The probability of each class is just an estimation.
(Check section 8 of libsvm paper:
http://www.csie.ntu.edu.tw/~cjlin/papers/libsvm.pdf)
On Fri, May 22, 2015 at 3:03 AM zhenjiang zech xu <zhenjiang...@gmail.com>
wrote:
> Hi all,
>
> I tested the following code and its outputs show predict_proba and predict
> give very different result, even for the samples with high probability
> (0.7) to be label 1 are predicted as label 1. I am very surprised. Is this
> problem specific to the algorithm SVC used to generate probability?

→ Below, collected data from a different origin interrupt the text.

lemma elem_emb_sat:
  "elem_emb L A M f \<Longrightarrow> wf_fm L \<phi> \<Longrightarrow> range s \<subseteq> udom A \<Longrightarrow> sat A s \<phi> \<longleftrightarrow> sat M (f \<circ> s) \<phi>"
  unfolding elem_emb_def by blast

lemma elem_emb_inj_on:
  fixes L :: "('f, 'r) lang"
  assumes f: "elem_emb L A M f"
  shows "inj_on f (udom A)"
proof
  fix a b assume ab: "a \<in> udom A" "b \<in> udom A" "f a = f b"
  define s where "s v = (if v = 0 then a else b)" for v :: nat
  have "range s \<subseteq> udom A" using ab unfolding s_def by auto
  moreover have "sat M (f \<circ> s) (Eq (Var 0) (Var 1))" using ab(3) unfolding s_def by simp
  ultimately have "sat A s (Eq (Var 0) (Var 1))" by (intro elem_emb_sat[OF f, THEN iffD2]) simp_all
  then show "a = b" unfolding s_def by simp
qed

lemma elem_emb_fint:
  fixes L :: "('f, 'r) lang"
  assumes A: "is_struct L A" and f: "elem_emb L A M f"
    and F: "fst L F = Some (length as)" and as: "set as \<subseteq> udom A"
  shows "fint M F (map f as) = f (fint A F as)"
proof -
  let ?n = "length as"
  define c where "c = fint A F as"
  have c: "c \<in> udom A" using is_struct_fint[OF A F as] unfolding c_def .
  define s where "s = (list_asg as c)(?n := c)"
  have "range s \<subseteq> udom A" using range_list_asg[OF as c] c unfolding s_def by auto
  have args: "map s [0..<?n] = as" unfolding s_def using map_list_asg[of as c] by simp
  let ?\<phi> = "Eq (Var ?n) (Fn F (map Var [0..<?n])) :: ('f, 'r) fm"
  have "sat A s ?\<phi>" by (simp only: sat.simps evalt.simps map_evalt_Var args) (simp add: s_def c_def)
  then have "sat M (f \<circ> s) ?\<phi>"
    by (intro elem_emb_sat[OF f _ \<open>range s \<subseteq> udom A\<close>, THEN iffD1]) (simp_all add: F)
  then show ?thesis
    by (simp only: sat.simps evalt.simps map_evalt_Var map_map[symmetric] args) (simp add: s_def c_def)
qed

lemma elem_emb_rint:
  fixes L :: "('f, 'r) lang"
  assumes A: "is_struct L A" and f: "elem_emb L A M f"
    and R: "snd L R = Some (length as)" and as: "set as \<subseteq> udom A"
  shows "rint M R (map f as) = rint A R as"
proof -
  obtain c where c: "c \<in> udom A" using is_struct_nonempty[OF A] by auto
  let ?s = "list_asg as c"
  let ?\<phi> = "Rel R (map Var [0..<length as]) :: ('f, 'r) fm"
  have args: "map ?s [0..<length as] = as" "map (f \<circ> ?s) [0..<length as] = map f as"
    using map_list_asg[of as c] by (simp_all flip: map_map)
  have "sat A ?s ?\<phi> = sat M (f \<circ> ?s) ?\<phi>"
    by (rule elem_emb_sat[OF f _ range_list_asg[OF as c]]) (simp add: R)
  then show ?thesis by (simp only: sat.simps map_evalt_Var args)
qed

lemma elem_emb_id_imp_elem_sub:
  fixes M N :: "('a, 'f, 'r) struct"
  assumes M: "is_struct L M" and N: "is_struct L N" and emb: "elem_emb L M N id"
  shows "elem_sub L M N"
proof -
  have "udom M \<subseteq> udom N" using elem_emb_into[OF emb] by auto
  moreover have "fint M F as = fint N F as"
    if "fst L F = Some n \<and> length as = n \<and> set as \<subseteq> udom M" for F n as
    using elem_emb_fint[OF M emb] that by simp
  moreover have "rint M R as = rint N R as"
    if "snd L R = Some n \<and> length as = n \<and> set as \<subseteq> udom M" for R n as
    using elem_emb_rint[OF M emb] that by simp
  moreover have "sat M s \<phi> = sat N s \<phi>" if "wf_fm L \<phi> \<and> range s \<subseteq> udom M" for \<phi> s
    using elem_emb_sat[OF emb] that by simp
  ultimately show ?thesis unfolding elem_sub_def using M N by simp
qed

lemma elem_emb_image_elem_sub:
  assumes f: "elem_emb L A M f" and B: "elem_sub L B A" and M: "is_struct L M"
  shows "elem_sub L (M\<lparr>udom := f ` udom B\<rparr>) M"
proof (rule tarski_vaught_test[OF M])
  have BA: "udom B \<subseteq> udom A" using B by (rule elem_sub_udom)
  then show "f ` udom B \<subseteq> udom M" using elem_emb_into[OF f] by blast
  show "f ` udom B \<noteq> {}" using is_struct_nonempty[OF elem_sub_is_struct(1)[OF B]] by blast
  show "tarski_vaught L M (f ` udom B)" unfolding tarski_vaught_def
  proof (intro allI impI)
    fix \<phi> n s assume h: "wf_fm L \<phi> \<and> range s \<subseteq> f ` udom B \<and> (\<exists>a\<in>udom M. sat M (s(n := a)) \<phi>)"
    define t where "t = inv_into (udom B) f \<circ> s"
    have t: "range t \<subseteq> udom B" "f \<circ> t = s"
      using h by (auto simp: t_def inv_into_into f_inv_into_f image_subset_iff)
    \<comment> \<open>pull the existential back along \<open>f\<close>, witness it in \<open>B \<preceq> A\<close>, and push the witness forward\<close>
    have wf: "wf_fm L (Ex n \<phi>)" using h by simp
    have "sat M (f \<circ> t) (Ex n \<phi>)" using h t(2) by simp
    then have "sat B t (Ex n \<phi>)"
      using elem_emb_sat[OF f wf] elem_sub_sat[OF B wf] t(1) BA by blast
    then obtain b where b: "b \<in> udom B" "sat B (t(n := b)) \<phi>" by auto
    then have "range (t(n := b)) \<subseteq> udom B" using t(1) by auto
    with b h have "sat M (f \<circ> t(n := b)) \<phi>"
      using elem_emb_sat[OF f] elem_sub_sat[OF B] BA by (meson order_trans)
    moreover have "f \<circ> t(n := b) = s(n := f b)" using t(2) by auto
    ultimately show "\<exists>a\<in>f ` udom B. sat M (s(n := a)) \<phi>" using b(1) by auto
  qed
qed

lemma same_type_extend:
  fixes A M :: "('a, 'f, 'r) struct"
  assumes A: "atomic_model L T A" and M: "models L T M" and W: "finite W"
    and sA: "range sA \<subseteq> udom A" and sM: "range sM \<subseteq> udom M"
    and st: "same_type L A sA M sM W"
  shows "\<exists>d\<in>udom M. same_type L A sA M (sM(m := d)) (insert m W)"
proof -
  define w where "w = sorted_list_of_set (insert m W)"
  have "finite (insert m W)" using W by simp
  then have w: "distinct w" "set w = insert m W"
    unfolding w_def by (simp_all only: distinct_sorted_list_of_set set_sorted_list_of_set)
  obtain \<chi> where \<chi>: "complete_fm TYPE('a) L T w \<chi>" "sat A sA \<chi>"
    using atomic_model_complete_fm[OF A w(1) sA] by blast
  have "sat A sA (Ex m \<chi>)" using \<chi>(2) sA by (auto intro!: bexI[of _ "sA m"])
  moreover have "fv_fm (Ex m \<chi>) \<subseteq> W" using complete_fm_fv[OF \<chi>(1)] w(2) by auto
  moreover have "wf_fm L (Ex m \<chi>)" using complete_fm_wf[OF \<chi>(1)] by simp
  ultimately have "sat M sM (Ex m \<chi>)" using same_type_sat_iff[OF st] by blast
  then obtain d where d: "d \<in> udom M" "sat M (sM(m := d)) \<chi>" by auto
  have "range (sM(m := d)) \<subseteq> udom M" using sM d(1) by auto
  then have "same_type L A sA M (sM(m := d)) (set w)"
    using complete_fm_same_type[OF \<chi>(1) atomic_model_models[OF A] sA \<chi>(2) M] d(2) by blast
  with d(1) w(2) show ?thesis by auto
qed

lemma sat_stabilizing_limit:
  assumes seq_Suc: "\<And>k v. v \<noteq> m0 + k \<Longrightarrow> seq (Suc k) v = seq k v"
    and below: "\<forall>v\<in>fv_fm \<phi>. v < k"
  shows "sat M (seq k) \<phi> = sat M (\<lambda>v. seq (Suc v) v) \<phi>"
proof (rule sat_cong)
  have stable: "seq j v = seq i v" if v: "v < m0 + i" and "i \<le> j" for i j v
    using \<open>i \<le> j\<close>
  proof (induction j rule: dec_induct)
    case (step j)
    then show ?case using seq_Suc[of v j] v by simp
  qed simp
  fix v assume "v \<in> fv_fm \<phi>"
  then have "v < m0 + min (Suc v) k" using below by auto
  then show "seq k v = seq (Suc v) v"
    using stable[of v "min (Suc v) k" k] stable[of v "min (Suc v) k" "Suc v"] by simp
qed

I
> haven't tested on other types of models. would they have similar problem?
>
> import numpy as np
> import matplotlib.pyplot as plt
>
> from sklearn import svm, datasets
> from sklearn.cross_validation import train_test_split
> from sklearn.metrics import confusion_matrix
>
> # import some data to play with
> iris = datasets.load_iris()
> X = iris.data
> y = iris.target
>
> # Split the data into a training set and a test set
> X_train, X_test, y_train, y_test = train_test_split(X, y, random_state=0)
>
> # Run classifier, using a model that is too regularized (C too low) to see
> # the impact on the results
> classifier = svm.SVC(kernel='linear', C=0.01, probability=True)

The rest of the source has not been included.